In 2014, Ryan Carey estimated that YCombinator-backed startup founders averaged $2.5M/year
I repeat his analysis, and find that this number is now substantially higher: $3.8-9.9M/year
When this amount is discounted by 12%/year (average S&P 500 returns) this falls to $1.9-4.3M/y, and with a 20%/year discount (a number I've heard for returns to community building) it falls to $1.1-2.9M/y.
Note that these numbers include illiquid (pre-exit) valuations.
Major Results
Discount
All companies
Excluding post-2019
0% discount
$3.77M/y
$8.17M/y
12% discount
$1.98M/y
$4.28M/y
20% discount
$1.34M/y
$2.90M/y
Average founder income under different discount rates. “All companies” includes in the denominator every company incubated by YCombinator; “excluding post-2019” excludes companies incubated after 2019 (which presumably are less likely to make it to the list of top YCombinator companies by valuation, and therefore arguably should be excluded from consideration).
This table is the same as the above except it e.g. counts a company which has been around for 4 years twice as much as one which has been around for 2 years. I.e. this table is the expected value of a founder-year, whereas the previous table is the expected annual value of founding a company. I’m not sure which is more intuitive.
Commentary
Background: See this 80k article for the basic case behind considering entrepreneurship for earning to give reasons.
These numbers seem fairly high, and may indicate that earning to give through entrepreneurship is a good path for those who have solid personal fit (with the usual caveats about only pursuing ethical startup careers; see also my analysis of YCombinator fraud rates).
With a 20% annual discount the numbers are not that far off from what I've heard as higher-end estimates of the value of direct work, and I expect that there is a fairly strong correlation between being at the higher end of entrepreneurship returns and being at the higher end of direct work, so this doesn't seem like that strong of an argument for entrepreneurship ETG over direct work.
My impression is that these numbers are roughly similar to average quantitative finance income, so I’m not sure there’s much of an argument for one over the other based on this data (from an income perspective).
Note that the vast majority of founders who apply to YCombinator are rejected, and this is not considered in these estimates.
Appendix A: Methods and Data
Note: if you know Python, reading the Jupyter notebook might be easier than following this document.
Methods
Used this list of YCombinator top companies and tried to find public information about their most recent valuation. Importantly, note that this is including pre-exit valuations.
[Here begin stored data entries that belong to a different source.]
definition h1 :: "real \<Rightarrow> real \<Rightarrow> real \<Rightarrow> real \<Rightarrow> real" where
  "h1 D H \<beta>0 x = chan \<beta>0 H (- D / 2) x"

definition h2 :: "real \<Rightarrow> real \<Rightarrow> real \<Rightarrow> real \<Rightarrow> real" where
  "h2 D H \<beta>0 x = chan \<beta>0 H (D / 2) x"

definition C_MAC :: "real \<Rightarrow> real \<Rightarrow> real \<Rightarrow> real \<Rightarrow> real \<Rightarrow> real \<Rightarrow> (real \<times> real) set" where
  "C_MAC D H \<beta>0 x p1 p2 = {(r1, r2). r1 \<ge> 0 \<and> r2 \<ge> 0 \<and>
      r1 \<le> log 2 (1 + p1 * h1 D H \<beta>0 x) \<and>
      r2 \<le> log 2 (1 + p2 * h2 D H \<beta>0 x) \<and>
      r1 + r2 \<le> log 2 (1 + p1 * h1 D H \<beta>0 x + p2 * h2 D H \<beta>0 x)}"

definition C_f :: "real \<Rightarrow> real \<Rightarrow> real \<Rightarrow> real \<Rightarrow> real \<Rightarrow> (real \<times> real) set" where
  "C_f D H \<beta>0 P x = (\<Union>p1 \<in> {0..}. \<Union>p2 \<in> {0..}. if p1 + p2 \<le> P then C_MAC D H \<beta>0 x p1 p2 else {})"

definition bcurve :: "real \<Rightarrow> real \<Rightarrow> real \<Rightarrow> real \<Rightarrow> real \<Rightarrow> real \<Rightarrow> real" where
  "bcurve D H \<beta>0 P x r1 = (GREATEST r2. (r1, r2) \<in> C_f D H \<beta>0 P x)"

definition bdom :: "real \<Rightarrow> real \<Rightarrow> real \<Rightarrow> real \<Rightarrow> real \<Rightarrow> real set" where
  "bdom D H \<beta>0 P x = {0 .. log 2 (1 + P * h1 D H \<beta>0 x)}"

end

(*
  In the coordinates s = 2 powr r1, v = 2 powr r2 the boundary of the capacity region is an explicit
  strictly decreasing curve, obtained by spending the whole power budget and decoding the weaker user
  last.  Moving the UAV from xC to xB lowers h1 and raises h2, so the boundary for xB starts higher
  and ends earlier; as the two boundaries meet only once, the one for xB lies above the one for xC
  left of the crossing and below it to the right.  A supporting line with nonnegative normal can
  therefore touch the xB boundary only left of the crossing and the xC boundary only right of it.
  It cannot touch both at the crossing itself: the slope of a boundary at a common point is a
  strictly monotone function of the gain ratio h2/h1, so the two boundaries cross transversally.
*)
theory Submission
  imports Defs
begin

locale crossing_curves =
  fixes f g :: "real \<Rightarrow> real" and a b x f' g' :: real
  assumes ends_less: "a < b"
    and f_decreasing: "\<And>r r'. 0 \<le> r \<Longrightarrow> r < r' \<Longrightarrow> r' \<le> a \<Longrightarrow> f r' < f r"
    and g_decreasing: "\<And>r r'. 0 \<le> r \<Longrightarrow> r < r' \<Longrightarrow> r' \<le> b \<Longrightarrow> g r' < g r"
    and f_end: "f a = 0" and g_end: "g b = 0" and g_less_f_start: "g 0 < f 0"
    and f_continuous: "continuous_on {0..a} f" and g_continuous: "continuous_on {0..b} g"
    and crossing: "0 \<le> x" "x \<le> a" "f x = g x"
    and crossing_unique: "\<And>r. 0 \<le> r \<Longrightarrow> r \<le> a \<Longrightarrow> f r = g r \<Longrightarrow> r = x"
    and f_deriv: "(f has_real_derivative f') (at x)"
    and g_deriv: "(g has_real_derivative g') (at x)"
    and transversal: "f' \<noteq> g'"
begin

lemma g_nonneg: "0 \<le> r \<Longrightarrow> r \<le> b \<Longrightarrow> 0 \<le> g r"
  using g_decreasing[of r b] g_end by (cases "r = b") auto

lemma f_less_g_end: "f a < g a"
  using g_nonneg[of a] g_decreasing[of a b] crossing ends_less f_end g_end by auto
For publicly traded companies, I used their market capitalization at the time of writing (rather than when they IPO’d).
I used an estimate of 2.3 people per founding team and average equity ownership of 35% from the original 80 K article. These numbers could probably use an update.
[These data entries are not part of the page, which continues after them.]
text \<open>Contraction: the mass \<open>W\<^sub>1\<close> of \<open>u - m v\<close> and \<open>W\<^sub>2\<close> of \<open>M v - u\<close> are each spread with weight
  at least \<open>\<sigma>\<close> onto every state, while \<open>v\<close> reaches each state with weight at most \<open>1 - \<sigma>\<close>;
  this raises \<open>m\<close> by \<open>r W\<^sub>1/V\<close> and lowers \<open>M\<close> by \<open>r W\<^sub>2/V\<close>, where \<open>W\<^sub>1 + W\<^sub>2 = (M - m) V\<close>.\<close>

lemma ratio_bounds_kernel_contract:
  assumes S: "finite S" and Q: "kernel_bounds S \<sigma> Q" and \<sigma>: "0 < \<sigma>" "\<sigma> < 1/2"
    and v: "\<forall>j\<in>S. 0 \<le> v j" and uv: "ratio_bounds S m M u v" and mM: "m \<le> M"
  obtains m' M' where "m \<le> m'" "m' \<le> M'" "M' - m' \<le> (1 - \<sigma>/(1-\<sigma>)) * (M - m)"
    "ratio_bounds S m' M' (\<lambda>k. \<Sum>j\<in>S. u j * Q j k) (\<lambda>k. \<Sum>j\<in>S. v j * Q j k)"
proof -
  define r where "r = \<sigma>/(1-\<sigma>)"
  have r: "0 < r" "r < 1" "r * (1-\<sigma>) = \<sigma>" using \<sigma> by (auto simp: r_def field_simps)
  define V where "V = sum v S"
  show thesis
  proof (cases "V = 0")
    case True
    then have "\<forall>j\<in>S. v j = 0" using S v by (simp add: V_def sum_nonneg_eq_0_iff)
    moreover have "\<forall>j\<in>S. u j = 0 \<or> v j \<noteq> 0"
      using uv unfolding ratio_bounds_def by (metis antisym mult_zero_right)
    ultimately have "ratio_bounds S m m (\<lambda>k. \<Sum>j\<in>S. u j * Q j k) (\<lambda>k. \<Sum>j\<in>S. v j * Q j k)"
      by (simp add: ratio_bounds_def)
    then show thesis using that[of m m] mM r(2) by (simp add: r_def)
  next
    case False
    then have V: "0 < V" using v by (simp add: V_def order.not_eq_order_implies_strict sum_nonneg)
    define W1 where "W1 = (\<Sum>j\<in>S. u j - m * v j)"
    define W2 where "W2 = (\<Sum>j\<in>S. M * v j - u j)"
    have W: "0 \<le> W1" "0 \<le> W2" "W1 + W2 = (M - m) * V"
      using uv unfolding W1_def W2_def V_def ratio_bounds_def
      by (auto intro!: sum_nonneg simp: sum.distrib[symmetric] sum_distrib_left algebra_simps)
    define m' where "m' = m + r * (W1 / V)"
    define M' where "M' = M - r * (W2 / V)"
    have "M' - m' = (M - m) - r * (W1 / V + W2 / V)"
      unfolding m'_def M'_def by (simp add: algebra_simps)
    also have "W1 / V + W2 / V = M - m"
      using W(3) V by (simp add: add_divide_distrib[symmetric])
    finally have width: "M' - m' = (1 - r) * (M - m)"
      by (simp add: algebra_simps)
    have "m' * vQ \<le> uQ \<and> uQ \<le> M' * vQ"
      if k: "k \<in> S" and vQ: "vQ = (\<Sum>j\<in>S. v j * Q j k)" and uQ: "uQ = (\<Sum>j\<in>S. u j * Q j k)"
      for k vQ uQ
    proof -
      have "uQ - m * vQ = (\<Sum>j\<in>S. (u j - m * v j) * Q j k)"
           "M * vQ - uQ = (\<Sum>j\<in>S. (M * v j - u j) * Q j k)"
        unfolding uQ vQ by (simp_all add: sum_distrib_left sum_subtractf[symmetric] algebra_simps)
      then have spread: "\<sigma> * W1 \<le> uQ - m * vQ" "\<sigma> * W2 \<le> M * vQ - uQ"
        using kernel_sum_bounds(1)[OF S Q _ k, of "\<lambda>j. u j - m * v j"]
          kernel_sum_bounds(1)[OF S Q _ k, of "\<lambda>j. M * v j - u j"] uv
        by (auto simp: W1_def W2_def ratio_bounds_def)
      have "vQ \<le> (1 - \<sigma>) * V"
        using kernel_sum_bounds(2)[OF S Q v k] by (simp add: V_def vQ)
      then have shift: "r * (W / V) * vQ \<le> \<sigma> * W" if "0 \<le> W" for W
      proof -
        have "r * (W / V) * vQ \<le> r * (W / V) * ((1 - \<sigma>) * V)"
          using \<open>vQ \<le> (1 - \<sigma>) * V\<close> r that V by (intro mult_left_mono) auto
        also have "\<dots> = (r * (1 - \<sigma>)) * W" using V by simp
        finally show ?thesis by (simp only: r(3))
      qed
      moreover have "m' * vQ = m * vQ + r * (W1 / V) * vQ" "M' * vQ = M * vQ - r * (W2 / V) * vQ"
        unfolding m'_def M'_def by (simp_all add: algebra_simps)
      ultimately show ?thesis using spread shift[OF W(1)] shift[OF W(2)] by linarith
    qed
    moreover have "m \<le> m'" using r W V by (simp add: m'_def)
    moreover have "m' \<le> M'" using width mult_nonneg_nonneg[of "1 - r" "M - m"] r mM by linarith
    ultimately show thesis using that[of m' M'] width by (auto simp: ratio_bounds_def r_def)
  qed
qed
The discount was calculated using a straightforward geometric discount, i.e. receiving $N in Y years with discount rate d has a net present value of (1-d)^Y * N.
I assume that everything not on that list is valued at zero. This is obviously an underestimate; but I think it’s not too far off:
I estimate the value of the company at the bottom of the list (Karbon Card) at $60M
If the 1,788 companies started after 2019 who are not in this list were all valued at $60M, this would increase the total valuation by $107B = 19.5%
This is a very conservative upper bound, my guess is that the actual increase would be closer to 5%
But this is something I would appreciate more people doing research into
Missing Data
I wasn’t able to find public valuation information for about 20 of the companies in that top list.
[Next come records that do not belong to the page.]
lemma ereal_epigraph_separation:
  fixes \<phi> :: "'a::real_normed_vector \<Rightarrow> ereal"
  assumes lsc: "ereal_lsc \<phi>" and cvx: "ereal_convex \<phi>" and prp: "ereal_proper \<phi>"
    and below: "ereal t < \<phi> x"
  shows "\<exists>l b g. bounded_linear l \<and> b \<le> 0 \<and> 0 < g \<and>
    (\<forall>v s. \<phi> v \<le> ereal s \<longrightarrow> l v + s * b + g \<le> l x + t * b)"
proof -
  have "(x, t) \<notin> ereal_epigraph \<phi>" using below by simp
  then obtain L and g :: real where L: "bounded_linear L" and g: "0 < g"
    and sep: "\<And>q. q \<in> ereal_epigraph \<phi> \<Longrightarrow> L q \<le> L (x, t) - g"
    using separating_functional_closed_point[OF convex_ereal_epigraph[OF cvx]
        closed_ereal_epigraph[OF lsc]] by blast
  obtain l b where l: "bounded_linear l" and split: "\<And>v s. L (v, s) = l v + s * b"
    using bounded_linear_prod_real_decompose[OF L] by blast
  have sep': "l v + s * b + g \<le> l x + t * b" if "\<phi> v \<le> ereal s" for v s
    using sep[of "(v, s)"] that by (simp add: split)
  obtain x1 where "\<phi> x1 \<noteq> \<infinity>" "\<phi> x1 \<noteq> -\<infinity>" using prp unfolding ereal_proper_def by blast
  then obtain s1 where s1: "\<phi> x1 \<le> ereal s1" by (cases "\<phi> x1") auto
  have "b \<le> 0"
  proof (rule ccontr)
    assume "\<not> b \<le> 0"
    define s where "s = max s1 ((l x + t * b - l x1) / b)"
    have "\<phi> x1 \<le> ereal s" using s1 unfolding s_def by (simp add: order_trans)
    moreover have "(l x + t * b - l x1) / b * b \<le> s * b"
      using \<open>\<not> b \<le> 0\<close> unfolding s_def by (intro mult_right_mono) auto
    moreover have "(l x + t * b - l x1) / b * b = l x + t * b - l x1"
      using \<open>\<not> b \<le> 0\<close> by simp
    ultimately show False using sep'[of x1 s] g by linarith
  qed
  then show ?thesis using l g sep' by blast
qed

lemma convex_conjugate_nonvertical_separation:
  fixes \<phi> :: "'a::real_normed_vector \<Rightarrow> ereal"
  assumes l: "bounded_linear l" and b: "b < 0" and finite: "\<And>v. \<phi> v \<noteq> -\<infinity>"
    and sep: "\<And>v s. \<phi> v \<le> ereal s \<Longrightarrow> l v + s * b \<le> l x + t * b"
  shows "\<exists>y. ereal t \<le> ereal (blinfun_apply y x) - convex_conjugate \<phi> y"
proof -
  define y where "y = Blinfun (\<lambda>v. l v / - b)"
  have "bounded_linear (\<lambda>v. l v / - b)" by (rule bounded_linear_compose[OF bounded_linear_divide l])
  then have y: "blinfun_apply y v = l v / - b" for v
    unfolding y_def by (simp add: bounded_linear_Blinfun_apply)
  have "convex_conjugate \<phi> y \<le> ereal (blinfun_apply y x - t)"
    unfolding convex_conjugate_eq_pairing_conjugate
  proof (rule pairing_conjugate_le[OF finite])
    fix v s assume "\<phi> v = ereal s"
    then have "(l v + s * b) / - b \<le> (l x + t * b) / - b"
      using sep[of v s] b by (intro divide_right_mono) auto
    moreover have "(l v + s * b) / - b = l v / - b - s" "(l x + t * b) / - b = l x / - b - t"
      using b by (simp_all add: field_simps)
    ultimately show "blinfun_apply y v - s \<le> blinfun_apply y x - t" unfolding y by linarith
  qed
  then have "ereal t \<le> ereal (blinfun_apply y x) - convex_conjugate \<phi> y"
    by (cases "convex_conjugate \<phi> y") auto
  then show ?thesis by blast
qed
I assumed that these were valued at zero – this is probably overly conservative, and perhaps doing some sort of linear interpolation based on the company’s rank would make more sense.
These companies tended to be smaller though, so I’m guessing it won’t affect the final results by too much.
Data and Code
Data is here, in both human and machine-readable formats.[2]
A notebook containing all the calculations can be found here.
You should be able to replicate all these results by just running the notebook with the data: download the “machine readable” tab as a CSV and then upload it to the notebook.
Appendix B: Alternative Approach: Distribution Fitting
An alternative approach I considered was trying to fit a theoretical distribution to the empirical data. Unfortunately, I couldn’t make this work.
I attempted to fit various probability distributions to these data by assuming my empirical data set matched the top 10% of YCombinator companies and then matching the cumulative distribution function to my results. I was able to fit several distributions reasonably well, but their parameter values were implausible, and I think this is just an example of how you can fit any data if you give yourself enough parameters. (Although you can see that the normal distribution does not at all fit the data, indicating that this isn’t complete over fitting.)
These graphs can be replicated by running the notebook. I would appreciate improvements to this work by others (see “Future Work” below).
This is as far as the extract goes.